Stopping Marine Le Pen From Running Is a Bad Idea
Marine Le Pen has been banned from running for office for five years. The sentence applies the law as written, but it turns her embezzlement conviction into a propaganda coup for her party.

Marine Le Pen arriving at the courtroom for her embezzlement case on March 31, 2025, in Paris, France. (Tom Nicholson / Getty Images)
Marine Le Pen leads a party that was founded by Holocaust deniers and former Nazi-collaborators. It speaks of French people of immigrant background as second-class citizens and routinely calls for foreign-born criminals to be expelled from France. It has a long history of damning the presence of fraudsters and convicts in French political life. Le Pen has herself launched legal action to political ends. Her party’s claim, today, to be victim of a weaponized justice system is the height of hypocrisy and double-standards.
Even knowing all these things, it’s probable that the ban on Marine Le Pen running for office will backfire.

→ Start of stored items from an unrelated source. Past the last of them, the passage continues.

(* Under the standing assumptions below, for every $k\ge 1$ let $$\widetilde{X'_k}(1)=-\sum_{j=1}^{k}a_jX_{k+1-j}$$ be the Wiener–Kolmogorov one-step predictor truncated to the $k$ observations $X_1,\dots,X_k$. Then for every $\delta>0$, $$\mathbb{E}\big[(X_{k+1}-\widetilde{X'_k}(1))^2\big]=\sigma_\varepsilon^2+O(k^{-1+\delta})\qquad (k\to\infty).$$
   Context: Standing assumptions. Let $(X_n)_{n\in\mathbb Z}$ be a real, zero-mean, weakly stationary process in $L^2$ with autocovariance function $\sigma(j)=\mathbb E[X_nX_{n+j}]$, satisfying $\sum_{j\in\mathbb Z}|\sigma(j)|=\infty$. Assume $X_n=\sum_{j\ge0}b_j\varepsilon_{n-j}$ (convergence in $L^2$). Here $(\varepsilon_n)_{n\in\mathbb Z}$ is a sequence of uncorrelated random variables with mean $0$ and variance $\sigma_\varepsilon^2>0$, and $b_0=1$, $\sum_j b_j^2<\infty$. Assume also $\varepsilon_n=\sum_{j\ge0}a_jX_{n-j}$ with $a_0=1$ and $\sum_j|a_j|<\infty$. The power series $A(z)=\sum_{j\ge0}a_jz^j$ and $B(z)=\sum_{j\ge0}b_jz^j$ satisfy $A(z)B(z)=1$ for $|z|\le1$. Fix $d\in(0,1/2)$. Assume that for every $\delta>0$ there exist constants $C_1,C_2$ (depending on $\delta$) such that $|a_j|\le C_1j^{-d-1+\delta}$ and $|b_j|\le C_2j^{d-1+\delta}$ for all $j\ge1$. *)

theory Defs
  imports "HOL-Probability.Probability" "HOL-Library.Landau_Symbols"
begin

definition WK_trunc_pred :: "(nat \<Rightarrow> real) \<Rightarrow> (int \<Rightarrow> 'a \<Rightarrow> real) \<Rightarrow> nat \<Rightarrow> 'a \<Rightarrow> real" where
  "WK_trunc_pred a X k \<omega> = - (\<Sum>j = 1..k. a j * X (int k + 1 - int j) \<omega>)"

end

theory Submission
  imports Defs
begin

text \<open>
  Write e_k = X_{k+1} - (truncated predictor) = sum_{j<=k} a_j X_{k+1-j}.
  Inserting the MA(infinity) expansion of each X_{k+1-j} and collecting terms by innovation
  gives e_k = sum_m c_{k,m} eps_{k+1-m} with c_{k,m} = sum_{j<=min(k,m)} a_j b_{m-j}
  (defined below as err_coeff), so that E[e_k^2] = s2 * sum_m c_{k,m}^2 because the
  innovations are uncorrelated.  Since A(z) B(z) = 1, the full convolution of a and b is the
  unit sequence; hence c_{k,0} = 1, c_{k,m} = 0 for 0 < m <= k, and for m > k the coefficient
  equals minus the tail sum_{k<j<=m} a_j b_{m-j}.  The power-law bounds on a and b make these
  tail coefficients small, and summing their squares over m > k gives a bound K k^(-1+delta).
\<close>

subsection \<open>Sums of powers j^(-r), compared with the antiderivative x^(1-r)/(1-r)\<close>

lemma powr_step_le_antiderivative:
  fixes x r :: real
  assumes "x \<ge> 1" "r > 0" "r \<noteq> 1"
  shows "(x + 1) powr (-r) \<le> ((x + 1) powr (1 - r) - x powr (1 - r)) / (1 - r)"
proof -
  have "\<exists>z. x < z \<and> z < x + 1 \<and>
      (x + 1) powr (1 - r) / (1 - r) - x powr (1 - r) / (1 - r) = (x + 1 - x) * z powr (-r)"
  proof (rule MVT2)
    fix y assume "x \<le> y" "y \<le> x + 1"
    then have "y > 0" using assms by auto
    have "((\<lambda>y. y powr (1 - r) / (1 - r)) has_real_derivative (1 - r) * y powr (1 - r - 1) / (1 - r)) (at y)"
      using has_real_derivative_powr[OF \<open>y > 0\<close>] by (intro DERIV_cdivide) blast
    moreover have "(1 - r) * y powr (1 - r - 1) / (1 - r) = y powr (-r)" using assms by simp
    ultimately show "((\<lambda>y. y powr (1 - r) / (1 - r)) has_real_derivative y powr (-r)) (at y)" by simp
  qed auto
  then obtain z where z: "x < z" "z < x + 1"
    and mvt: "(x + 1) powr (1 - r) / (1 - r) - x powr (1 - r) / (1 - r) = z powr (-r)" by auto
  have "(x + 1) powr (-r) \<le> z powr (-r)" using z assms by (intro powr_mono2') auto
  also have "\<dots> = ((x + 1) powr (1 - r) - x powr (1 - r)) / (1 - r)"
    using mvt by (simp add: diff_divide_distrib)
  finally show ?thesis .
qed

The Paris court ruling on Monday, with a sentence applied immediately, means that she cannot stand for election or hold office for five years. A reform introduced in 2016 made this an obligatory sentencing requirement for political embezzlement convictions of this kind. Le Pen’s defenders — like her Rassemblement National party’s president, Jordan Bardella — claim that this is an assault by “elites” on democracy itself. A string of right-wing personalities have sought to portray this as a government attack on the main opposition party. This claim is overstated, not least considering that the legal process started fully a decade ago.